Exercise material:
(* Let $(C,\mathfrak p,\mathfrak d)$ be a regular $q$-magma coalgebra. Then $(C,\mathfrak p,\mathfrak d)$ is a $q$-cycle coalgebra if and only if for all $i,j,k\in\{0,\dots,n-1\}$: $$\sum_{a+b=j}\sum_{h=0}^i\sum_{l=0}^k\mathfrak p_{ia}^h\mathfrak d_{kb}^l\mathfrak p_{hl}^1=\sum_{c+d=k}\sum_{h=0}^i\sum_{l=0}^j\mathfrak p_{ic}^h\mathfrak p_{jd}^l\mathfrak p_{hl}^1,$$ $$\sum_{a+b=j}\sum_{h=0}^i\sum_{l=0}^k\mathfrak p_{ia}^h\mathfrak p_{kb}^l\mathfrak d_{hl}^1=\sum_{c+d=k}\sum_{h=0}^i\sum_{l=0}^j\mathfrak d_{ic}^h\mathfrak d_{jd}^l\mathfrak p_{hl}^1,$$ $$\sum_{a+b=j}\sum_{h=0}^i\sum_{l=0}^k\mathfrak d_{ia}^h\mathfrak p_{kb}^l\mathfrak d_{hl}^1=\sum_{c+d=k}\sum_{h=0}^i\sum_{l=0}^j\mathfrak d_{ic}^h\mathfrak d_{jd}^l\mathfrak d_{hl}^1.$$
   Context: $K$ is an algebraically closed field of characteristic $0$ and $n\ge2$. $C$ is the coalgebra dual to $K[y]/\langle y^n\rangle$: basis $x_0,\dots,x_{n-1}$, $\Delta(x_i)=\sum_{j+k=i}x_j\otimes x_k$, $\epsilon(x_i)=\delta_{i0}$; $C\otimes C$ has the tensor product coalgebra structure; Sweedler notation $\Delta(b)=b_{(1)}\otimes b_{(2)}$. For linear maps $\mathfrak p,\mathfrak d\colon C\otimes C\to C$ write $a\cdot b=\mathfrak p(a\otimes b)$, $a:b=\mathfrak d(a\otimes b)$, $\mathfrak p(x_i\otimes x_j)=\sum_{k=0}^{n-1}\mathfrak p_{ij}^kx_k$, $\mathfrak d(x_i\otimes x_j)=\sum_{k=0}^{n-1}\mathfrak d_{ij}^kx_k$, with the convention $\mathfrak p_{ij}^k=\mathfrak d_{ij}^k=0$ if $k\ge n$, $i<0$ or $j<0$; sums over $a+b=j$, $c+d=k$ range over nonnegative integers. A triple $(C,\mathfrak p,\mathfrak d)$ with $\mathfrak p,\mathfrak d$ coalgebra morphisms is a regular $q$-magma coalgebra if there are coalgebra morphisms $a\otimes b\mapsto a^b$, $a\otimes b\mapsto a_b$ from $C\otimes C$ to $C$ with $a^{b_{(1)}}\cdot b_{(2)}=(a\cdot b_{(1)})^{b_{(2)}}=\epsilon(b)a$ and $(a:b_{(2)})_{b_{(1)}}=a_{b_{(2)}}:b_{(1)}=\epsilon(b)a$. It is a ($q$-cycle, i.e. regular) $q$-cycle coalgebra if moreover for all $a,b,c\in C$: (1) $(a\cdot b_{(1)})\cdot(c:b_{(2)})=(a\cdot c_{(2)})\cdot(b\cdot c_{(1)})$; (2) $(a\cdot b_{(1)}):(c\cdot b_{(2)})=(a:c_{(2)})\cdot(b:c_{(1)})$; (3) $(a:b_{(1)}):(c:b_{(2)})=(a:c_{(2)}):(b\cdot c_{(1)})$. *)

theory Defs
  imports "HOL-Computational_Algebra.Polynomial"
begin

Goal of the exercise: Working from the material above, reproduce it in full and unchanged.

Exercise result:
(* Let $(C,\mathfrak p,\mathfrak d)$ be a regular $q$-magma coalgebra. Then $(C,\mathfrak p,\mathfrak d)$ is a $q$-cycle coalgebra if and only if for all $i,j,k\in\{0,\dots,n-1\}$: $$\sum_{a+b=j}\sum_{h=0}^i\sum_{l=0}^k\mathfrak p_{ia}^h\mathfrak d_{kb}^l\mathfrak p_{hl}^1=\sum_{c+d=k}\sum_{h=0}^i\sum_{l=0}^j\mathfrak p_{ic}^h\mathfrak p_{jd}^l\mathfrak p_{hl}^1,$$ $$\sum_{a+b=j}\sum_{h=0}^i\sum_{l=0}^k\mathfrak p_{ia}^h\mathfrak p_{kb}^l\mathfrak d_{hl}^1=\sum_{c+d=k}\sum_{h=0}^i\sum_{l=0}^j\mathfrak d_{ic}^h\mathfrak d_{jd}^l\mathfrak p_{hl}^1,$$ $$\sum_{a+b=j}\sum_{h=0}^i\sum_{l=0}^k\mathfrak d_{ia}^h\mathfrak p_{kb}^l\mathfrak d_{hl}^1=\sum_{c+d=k}\sum_{h=0}^i\sum_{l=0}^j\mathfrak d_{ic}^h\mathfrak d_{jd}^l\mathfrak d_{hl}^1.$$
   Context: $K$ is an algebraically closed field of characteristic $0$ and $n\ge2$. $C$ is the coalgebra dual to $K[y]/\langle y^n\rangle$: basis $x_0,\dots,x_{n-1}$, $\Delta(x_i)=\sum_{j+k=i}x_j\otimes x_k$, $\epsilon(x_i)=\delta_{i0}$; $C\otimes C$ has the tensor product coalgebra structure; Sweedler notation $\Delta(b)=b_{(1)}\otimes b_{(2)}$. For linear maps $\mathfrak p,\mathfrak d\colon C\otimes C\to C$ write $a\cdot b=\mathfrak p(a\otimes b)$, $a:b=\mathfrak d(a\otimes b)$, $\mathfrak p(x_i\otimes x_j)=\sum_{k=0}^{n-1}\mathfrak p_{ij}^kx_k$, $\mathfrak d(x_i\otimes x_j)=\sum_{k=0}^{n-1}\mathfrak d_{ij}^kx_k$, with the convention $\mathfrak p_{ij}^k=\mathfrak d_{ij}^k=0$ if $k\ge n$, $i<0$ or $j<0$; sums over $a+b=j$, $c+d=k$ range over nonnegative integers. A triple $(C,\mathfrak p,\mathfrak d)$ with $\mathfrak p,\mathfrak d$ coalgebra morphisms is a regular $q$-magma coalgebra if there are coalgebra morphisms $a\otimes b\mapsto a^b$, $a\otimes b\mapsto a_b$ from $C\otimes C$ to $C$ with $a^{b_{(1)}}\cdot b_{(2)}=(a\cdot b_{(1)})^{b_{(2)}}=\epsilon(b)a$ and $(a:b_{(2)})_{b_{(1)}}=a_{b_{(2)}}:b_{(1)}=\epsilon(b)a$. It is a ($q$-cycle, i.e. regular) $q$-cycle coalgebra if moreover for all $a,b,c\in C$: (1) $(a\cdot b_{(1)})\cdot(c:b_{(2)})=(a\cdot c_{(2)})\cdot(b\cdot c_{(1)})$; (2) $(a\cdot b_{(1)}):(c\cdot b_{(2)})=(a:c_{(2)})\cdot(b:c_{(1)})$; (3) $(a:b_{(1)}):(c:b_{(2)})=(a:c_{(2)}):(b\cdot c_{(1)})$. *)

theory Defs
  imports "HOL-Computational_Algebra.Polynomial"
begin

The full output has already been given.